[Stored items]
▬▬▬
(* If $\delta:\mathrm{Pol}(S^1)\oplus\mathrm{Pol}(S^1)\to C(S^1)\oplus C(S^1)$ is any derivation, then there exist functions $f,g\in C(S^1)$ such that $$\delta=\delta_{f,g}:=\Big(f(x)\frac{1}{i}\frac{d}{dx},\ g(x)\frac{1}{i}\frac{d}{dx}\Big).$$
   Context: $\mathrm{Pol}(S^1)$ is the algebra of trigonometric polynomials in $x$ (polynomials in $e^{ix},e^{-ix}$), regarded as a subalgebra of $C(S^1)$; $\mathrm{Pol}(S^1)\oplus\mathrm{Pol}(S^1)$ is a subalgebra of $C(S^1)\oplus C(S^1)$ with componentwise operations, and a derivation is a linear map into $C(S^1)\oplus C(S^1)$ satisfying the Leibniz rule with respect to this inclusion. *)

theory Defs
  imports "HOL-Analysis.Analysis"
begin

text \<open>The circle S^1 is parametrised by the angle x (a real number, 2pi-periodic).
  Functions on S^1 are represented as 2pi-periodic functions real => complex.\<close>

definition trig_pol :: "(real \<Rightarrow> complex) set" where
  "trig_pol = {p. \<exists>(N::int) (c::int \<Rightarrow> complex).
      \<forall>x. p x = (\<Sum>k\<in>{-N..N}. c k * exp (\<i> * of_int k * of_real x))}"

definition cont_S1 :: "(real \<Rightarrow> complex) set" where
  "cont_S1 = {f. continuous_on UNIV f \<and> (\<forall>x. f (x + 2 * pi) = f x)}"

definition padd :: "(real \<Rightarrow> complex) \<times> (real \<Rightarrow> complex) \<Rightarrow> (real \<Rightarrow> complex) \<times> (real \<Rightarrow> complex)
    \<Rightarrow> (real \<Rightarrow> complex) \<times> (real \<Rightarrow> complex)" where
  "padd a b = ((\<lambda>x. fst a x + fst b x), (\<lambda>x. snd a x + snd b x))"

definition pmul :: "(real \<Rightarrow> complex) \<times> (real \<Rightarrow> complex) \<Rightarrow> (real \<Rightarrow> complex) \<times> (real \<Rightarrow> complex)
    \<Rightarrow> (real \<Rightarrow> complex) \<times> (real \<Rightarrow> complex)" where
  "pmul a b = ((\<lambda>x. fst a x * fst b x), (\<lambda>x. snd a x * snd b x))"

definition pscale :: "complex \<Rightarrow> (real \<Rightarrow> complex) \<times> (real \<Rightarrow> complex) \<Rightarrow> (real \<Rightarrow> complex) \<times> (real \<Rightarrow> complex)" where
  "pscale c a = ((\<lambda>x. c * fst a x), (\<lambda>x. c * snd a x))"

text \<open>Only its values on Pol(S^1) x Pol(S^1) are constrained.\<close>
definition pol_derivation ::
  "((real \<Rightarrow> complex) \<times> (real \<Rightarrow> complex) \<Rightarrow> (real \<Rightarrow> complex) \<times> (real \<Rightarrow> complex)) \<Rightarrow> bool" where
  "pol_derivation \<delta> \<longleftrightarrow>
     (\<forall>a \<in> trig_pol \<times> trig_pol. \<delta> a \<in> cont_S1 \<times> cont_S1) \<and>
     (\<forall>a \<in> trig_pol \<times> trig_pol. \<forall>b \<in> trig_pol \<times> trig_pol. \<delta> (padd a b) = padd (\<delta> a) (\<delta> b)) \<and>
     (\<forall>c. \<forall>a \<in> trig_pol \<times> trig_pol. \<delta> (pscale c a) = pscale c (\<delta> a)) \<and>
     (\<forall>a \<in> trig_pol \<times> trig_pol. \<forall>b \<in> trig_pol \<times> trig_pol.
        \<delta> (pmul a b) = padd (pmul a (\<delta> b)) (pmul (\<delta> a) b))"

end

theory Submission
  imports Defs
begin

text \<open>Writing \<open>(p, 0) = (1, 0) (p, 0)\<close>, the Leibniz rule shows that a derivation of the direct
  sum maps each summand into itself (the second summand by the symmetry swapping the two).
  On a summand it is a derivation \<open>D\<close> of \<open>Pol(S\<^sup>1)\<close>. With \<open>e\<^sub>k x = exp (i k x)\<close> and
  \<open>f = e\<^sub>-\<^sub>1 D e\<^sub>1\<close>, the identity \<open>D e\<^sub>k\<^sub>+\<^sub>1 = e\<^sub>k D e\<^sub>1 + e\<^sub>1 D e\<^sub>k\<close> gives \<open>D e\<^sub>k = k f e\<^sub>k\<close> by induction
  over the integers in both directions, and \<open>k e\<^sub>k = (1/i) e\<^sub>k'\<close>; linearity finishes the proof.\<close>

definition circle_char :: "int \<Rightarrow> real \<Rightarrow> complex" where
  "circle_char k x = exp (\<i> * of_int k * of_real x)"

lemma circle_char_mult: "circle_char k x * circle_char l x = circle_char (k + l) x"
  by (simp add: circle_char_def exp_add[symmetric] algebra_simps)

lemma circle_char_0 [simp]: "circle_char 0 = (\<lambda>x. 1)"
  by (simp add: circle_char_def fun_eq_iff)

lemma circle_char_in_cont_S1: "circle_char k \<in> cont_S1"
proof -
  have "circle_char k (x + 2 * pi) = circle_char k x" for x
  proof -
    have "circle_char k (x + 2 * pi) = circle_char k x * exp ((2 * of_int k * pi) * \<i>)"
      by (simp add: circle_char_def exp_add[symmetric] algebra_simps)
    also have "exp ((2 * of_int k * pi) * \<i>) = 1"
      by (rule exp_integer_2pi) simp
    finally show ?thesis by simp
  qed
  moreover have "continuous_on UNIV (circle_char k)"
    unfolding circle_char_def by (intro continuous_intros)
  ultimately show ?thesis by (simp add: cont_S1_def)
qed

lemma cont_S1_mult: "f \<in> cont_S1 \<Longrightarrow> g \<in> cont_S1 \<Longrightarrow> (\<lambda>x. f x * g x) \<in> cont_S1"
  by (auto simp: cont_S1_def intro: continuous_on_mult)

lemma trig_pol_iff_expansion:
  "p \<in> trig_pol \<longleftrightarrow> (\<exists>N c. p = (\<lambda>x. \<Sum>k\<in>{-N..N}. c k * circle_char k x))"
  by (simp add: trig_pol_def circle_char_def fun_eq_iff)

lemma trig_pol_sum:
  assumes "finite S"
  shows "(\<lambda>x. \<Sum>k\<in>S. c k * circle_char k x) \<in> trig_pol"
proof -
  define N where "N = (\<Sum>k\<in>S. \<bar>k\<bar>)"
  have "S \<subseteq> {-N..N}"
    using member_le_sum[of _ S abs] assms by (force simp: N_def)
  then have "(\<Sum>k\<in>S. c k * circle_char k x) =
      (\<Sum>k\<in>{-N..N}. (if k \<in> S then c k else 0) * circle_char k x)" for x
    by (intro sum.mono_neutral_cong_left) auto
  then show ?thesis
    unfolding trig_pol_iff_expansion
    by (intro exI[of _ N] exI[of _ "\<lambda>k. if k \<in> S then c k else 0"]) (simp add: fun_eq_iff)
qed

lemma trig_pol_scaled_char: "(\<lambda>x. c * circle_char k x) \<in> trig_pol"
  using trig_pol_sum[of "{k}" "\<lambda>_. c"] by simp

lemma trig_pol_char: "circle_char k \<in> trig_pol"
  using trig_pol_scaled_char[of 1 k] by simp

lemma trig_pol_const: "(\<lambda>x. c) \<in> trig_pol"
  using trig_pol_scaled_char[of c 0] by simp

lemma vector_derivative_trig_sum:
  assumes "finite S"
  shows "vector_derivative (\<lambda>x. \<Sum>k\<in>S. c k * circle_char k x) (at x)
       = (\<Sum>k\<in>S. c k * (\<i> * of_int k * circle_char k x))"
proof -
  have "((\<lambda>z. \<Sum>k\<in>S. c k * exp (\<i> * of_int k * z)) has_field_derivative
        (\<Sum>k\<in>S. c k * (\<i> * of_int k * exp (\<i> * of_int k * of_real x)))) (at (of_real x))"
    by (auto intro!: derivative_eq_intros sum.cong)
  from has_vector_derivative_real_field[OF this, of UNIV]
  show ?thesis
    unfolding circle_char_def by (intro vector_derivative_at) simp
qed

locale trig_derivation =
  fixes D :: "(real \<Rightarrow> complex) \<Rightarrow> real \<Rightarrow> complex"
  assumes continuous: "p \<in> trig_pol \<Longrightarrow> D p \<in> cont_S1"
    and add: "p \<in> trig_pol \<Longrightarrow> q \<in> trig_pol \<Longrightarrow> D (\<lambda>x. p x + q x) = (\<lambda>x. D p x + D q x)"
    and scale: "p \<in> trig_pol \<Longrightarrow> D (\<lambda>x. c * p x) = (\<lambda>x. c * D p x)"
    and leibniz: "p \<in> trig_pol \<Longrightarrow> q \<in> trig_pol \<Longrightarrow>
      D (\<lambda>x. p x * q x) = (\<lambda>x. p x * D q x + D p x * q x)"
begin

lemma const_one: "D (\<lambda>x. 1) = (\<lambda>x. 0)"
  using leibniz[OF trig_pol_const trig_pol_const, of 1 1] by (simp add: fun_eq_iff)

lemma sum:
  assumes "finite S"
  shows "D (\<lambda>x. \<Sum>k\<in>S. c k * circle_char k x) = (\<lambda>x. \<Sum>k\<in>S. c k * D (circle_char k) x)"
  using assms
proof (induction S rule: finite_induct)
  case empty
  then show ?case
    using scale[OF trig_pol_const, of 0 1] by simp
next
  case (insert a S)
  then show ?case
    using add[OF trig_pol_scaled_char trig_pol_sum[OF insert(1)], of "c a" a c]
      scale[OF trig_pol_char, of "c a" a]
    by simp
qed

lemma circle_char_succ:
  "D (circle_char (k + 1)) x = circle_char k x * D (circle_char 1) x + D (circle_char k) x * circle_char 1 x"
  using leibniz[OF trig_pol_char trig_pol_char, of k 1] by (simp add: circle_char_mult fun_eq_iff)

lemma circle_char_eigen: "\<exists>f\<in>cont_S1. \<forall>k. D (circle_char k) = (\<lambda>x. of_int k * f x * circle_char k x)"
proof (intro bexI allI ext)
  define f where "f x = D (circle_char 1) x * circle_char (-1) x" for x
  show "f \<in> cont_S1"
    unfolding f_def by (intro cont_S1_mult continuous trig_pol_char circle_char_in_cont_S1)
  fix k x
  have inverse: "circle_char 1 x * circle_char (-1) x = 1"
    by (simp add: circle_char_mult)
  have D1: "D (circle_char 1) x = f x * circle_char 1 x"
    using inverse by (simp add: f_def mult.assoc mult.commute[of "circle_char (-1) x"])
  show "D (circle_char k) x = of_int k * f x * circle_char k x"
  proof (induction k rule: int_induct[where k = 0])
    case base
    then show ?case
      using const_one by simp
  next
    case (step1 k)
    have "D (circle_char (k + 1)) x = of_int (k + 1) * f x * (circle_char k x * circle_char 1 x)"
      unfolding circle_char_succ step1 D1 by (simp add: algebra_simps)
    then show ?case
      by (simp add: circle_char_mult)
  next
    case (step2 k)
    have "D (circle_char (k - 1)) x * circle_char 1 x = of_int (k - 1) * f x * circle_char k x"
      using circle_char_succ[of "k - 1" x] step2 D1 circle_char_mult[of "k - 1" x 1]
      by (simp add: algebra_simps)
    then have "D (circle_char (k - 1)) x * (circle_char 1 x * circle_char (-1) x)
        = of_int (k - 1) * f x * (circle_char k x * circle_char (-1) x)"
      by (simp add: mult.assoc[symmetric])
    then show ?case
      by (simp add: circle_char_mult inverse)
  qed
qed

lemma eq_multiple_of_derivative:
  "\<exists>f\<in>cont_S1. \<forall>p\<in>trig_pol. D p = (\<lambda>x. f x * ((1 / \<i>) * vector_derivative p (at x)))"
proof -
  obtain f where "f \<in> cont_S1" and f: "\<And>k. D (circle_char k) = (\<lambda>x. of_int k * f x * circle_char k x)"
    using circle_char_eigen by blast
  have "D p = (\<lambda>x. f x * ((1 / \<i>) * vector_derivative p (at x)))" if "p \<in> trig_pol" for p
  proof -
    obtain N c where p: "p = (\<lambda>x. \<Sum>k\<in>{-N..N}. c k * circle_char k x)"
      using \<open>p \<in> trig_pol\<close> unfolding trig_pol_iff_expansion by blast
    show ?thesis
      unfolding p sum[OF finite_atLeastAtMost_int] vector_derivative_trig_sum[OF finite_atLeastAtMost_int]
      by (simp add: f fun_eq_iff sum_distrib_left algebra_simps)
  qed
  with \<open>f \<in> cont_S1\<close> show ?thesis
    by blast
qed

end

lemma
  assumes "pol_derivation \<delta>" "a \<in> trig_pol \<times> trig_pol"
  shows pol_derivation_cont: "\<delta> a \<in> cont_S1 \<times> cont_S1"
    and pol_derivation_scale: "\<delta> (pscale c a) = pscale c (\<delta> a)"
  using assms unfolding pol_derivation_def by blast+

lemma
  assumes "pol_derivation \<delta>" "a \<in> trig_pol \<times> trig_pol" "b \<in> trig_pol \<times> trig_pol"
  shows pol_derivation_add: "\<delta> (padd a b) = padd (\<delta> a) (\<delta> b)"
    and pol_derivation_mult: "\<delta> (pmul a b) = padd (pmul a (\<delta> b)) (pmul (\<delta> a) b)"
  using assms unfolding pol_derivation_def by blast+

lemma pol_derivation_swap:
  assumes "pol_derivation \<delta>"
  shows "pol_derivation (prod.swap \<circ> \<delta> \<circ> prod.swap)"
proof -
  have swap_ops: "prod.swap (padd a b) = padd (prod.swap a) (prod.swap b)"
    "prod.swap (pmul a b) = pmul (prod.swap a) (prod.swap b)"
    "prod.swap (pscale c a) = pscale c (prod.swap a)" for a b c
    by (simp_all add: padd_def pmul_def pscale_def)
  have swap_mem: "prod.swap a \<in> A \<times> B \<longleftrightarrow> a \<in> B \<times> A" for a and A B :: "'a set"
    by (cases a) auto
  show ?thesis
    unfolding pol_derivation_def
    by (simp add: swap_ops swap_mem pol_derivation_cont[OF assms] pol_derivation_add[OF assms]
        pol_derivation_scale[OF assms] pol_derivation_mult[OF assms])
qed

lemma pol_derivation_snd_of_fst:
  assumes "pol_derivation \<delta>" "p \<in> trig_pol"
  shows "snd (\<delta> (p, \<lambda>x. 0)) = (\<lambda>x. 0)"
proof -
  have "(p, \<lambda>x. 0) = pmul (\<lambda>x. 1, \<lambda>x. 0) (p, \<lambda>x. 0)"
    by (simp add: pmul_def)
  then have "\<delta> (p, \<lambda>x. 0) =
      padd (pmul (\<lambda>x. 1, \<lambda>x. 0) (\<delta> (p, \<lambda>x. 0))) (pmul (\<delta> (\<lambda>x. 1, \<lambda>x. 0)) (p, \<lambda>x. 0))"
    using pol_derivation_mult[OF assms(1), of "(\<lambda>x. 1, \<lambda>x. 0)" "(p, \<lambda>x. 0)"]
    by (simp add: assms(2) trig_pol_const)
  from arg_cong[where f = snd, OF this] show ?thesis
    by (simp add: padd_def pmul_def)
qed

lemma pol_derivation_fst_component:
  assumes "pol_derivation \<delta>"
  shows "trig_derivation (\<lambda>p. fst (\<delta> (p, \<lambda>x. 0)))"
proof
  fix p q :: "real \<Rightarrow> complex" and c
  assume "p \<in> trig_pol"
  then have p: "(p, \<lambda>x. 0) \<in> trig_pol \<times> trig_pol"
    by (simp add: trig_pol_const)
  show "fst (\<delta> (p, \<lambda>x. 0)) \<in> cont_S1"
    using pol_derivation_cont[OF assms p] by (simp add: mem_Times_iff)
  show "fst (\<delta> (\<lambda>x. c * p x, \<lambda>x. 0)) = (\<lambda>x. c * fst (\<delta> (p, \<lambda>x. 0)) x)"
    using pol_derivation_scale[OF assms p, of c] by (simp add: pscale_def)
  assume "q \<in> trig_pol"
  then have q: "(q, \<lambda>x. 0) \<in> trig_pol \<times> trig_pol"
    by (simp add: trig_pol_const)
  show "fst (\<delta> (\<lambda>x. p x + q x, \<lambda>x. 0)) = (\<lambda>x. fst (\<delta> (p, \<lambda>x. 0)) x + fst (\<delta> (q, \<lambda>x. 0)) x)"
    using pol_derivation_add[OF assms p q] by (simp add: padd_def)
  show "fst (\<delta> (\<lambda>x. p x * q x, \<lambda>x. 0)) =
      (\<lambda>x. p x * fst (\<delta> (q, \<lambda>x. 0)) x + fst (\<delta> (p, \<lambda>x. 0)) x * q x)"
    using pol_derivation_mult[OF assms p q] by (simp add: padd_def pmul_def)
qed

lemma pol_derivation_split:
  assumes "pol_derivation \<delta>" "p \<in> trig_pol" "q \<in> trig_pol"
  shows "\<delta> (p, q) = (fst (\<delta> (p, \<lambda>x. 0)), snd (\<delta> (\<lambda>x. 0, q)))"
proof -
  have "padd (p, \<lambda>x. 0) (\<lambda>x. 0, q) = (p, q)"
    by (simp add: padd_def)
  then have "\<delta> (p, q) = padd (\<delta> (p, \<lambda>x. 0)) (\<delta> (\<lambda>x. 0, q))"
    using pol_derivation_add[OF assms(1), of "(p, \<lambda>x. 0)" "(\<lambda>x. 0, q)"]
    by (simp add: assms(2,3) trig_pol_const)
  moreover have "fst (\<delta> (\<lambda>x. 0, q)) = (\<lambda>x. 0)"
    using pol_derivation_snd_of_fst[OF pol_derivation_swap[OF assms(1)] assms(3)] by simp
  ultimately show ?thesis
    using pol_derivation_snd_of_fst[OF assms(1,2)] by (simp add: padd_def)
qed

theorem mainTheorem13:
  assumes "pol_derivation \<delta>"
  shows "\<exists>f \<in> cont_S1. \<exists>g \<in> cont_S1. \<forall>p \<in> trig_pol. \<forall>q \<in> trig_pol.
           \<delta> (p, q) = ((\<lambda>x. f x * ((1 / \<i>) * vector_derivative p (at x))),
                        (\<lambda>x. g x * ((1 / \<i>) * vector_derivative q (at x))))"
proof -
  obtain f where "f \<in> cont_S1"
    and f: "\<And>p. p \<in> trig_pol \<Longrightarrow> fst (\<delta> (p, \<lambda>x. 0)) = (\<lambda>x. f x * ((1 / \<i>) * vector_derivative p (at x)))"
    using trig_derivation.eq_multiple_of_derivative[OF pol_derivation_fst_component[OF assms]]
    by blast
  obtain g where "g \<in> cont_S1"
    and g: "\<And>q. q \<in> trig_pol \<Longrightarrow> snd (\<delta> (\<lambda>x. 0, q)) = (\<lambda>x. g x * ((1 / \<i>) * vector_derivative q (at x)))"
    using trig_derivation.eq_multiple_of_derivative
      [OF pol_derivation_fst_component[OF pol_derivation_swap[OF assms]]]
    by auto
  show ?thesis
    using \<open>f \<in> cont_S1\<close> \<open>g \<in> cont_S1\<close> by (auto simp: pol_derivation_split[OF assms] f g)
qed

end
▬▬▬
* To do *
Nothing but a number should be given: how many lines in the records hold the word "prod".

* Output below *
5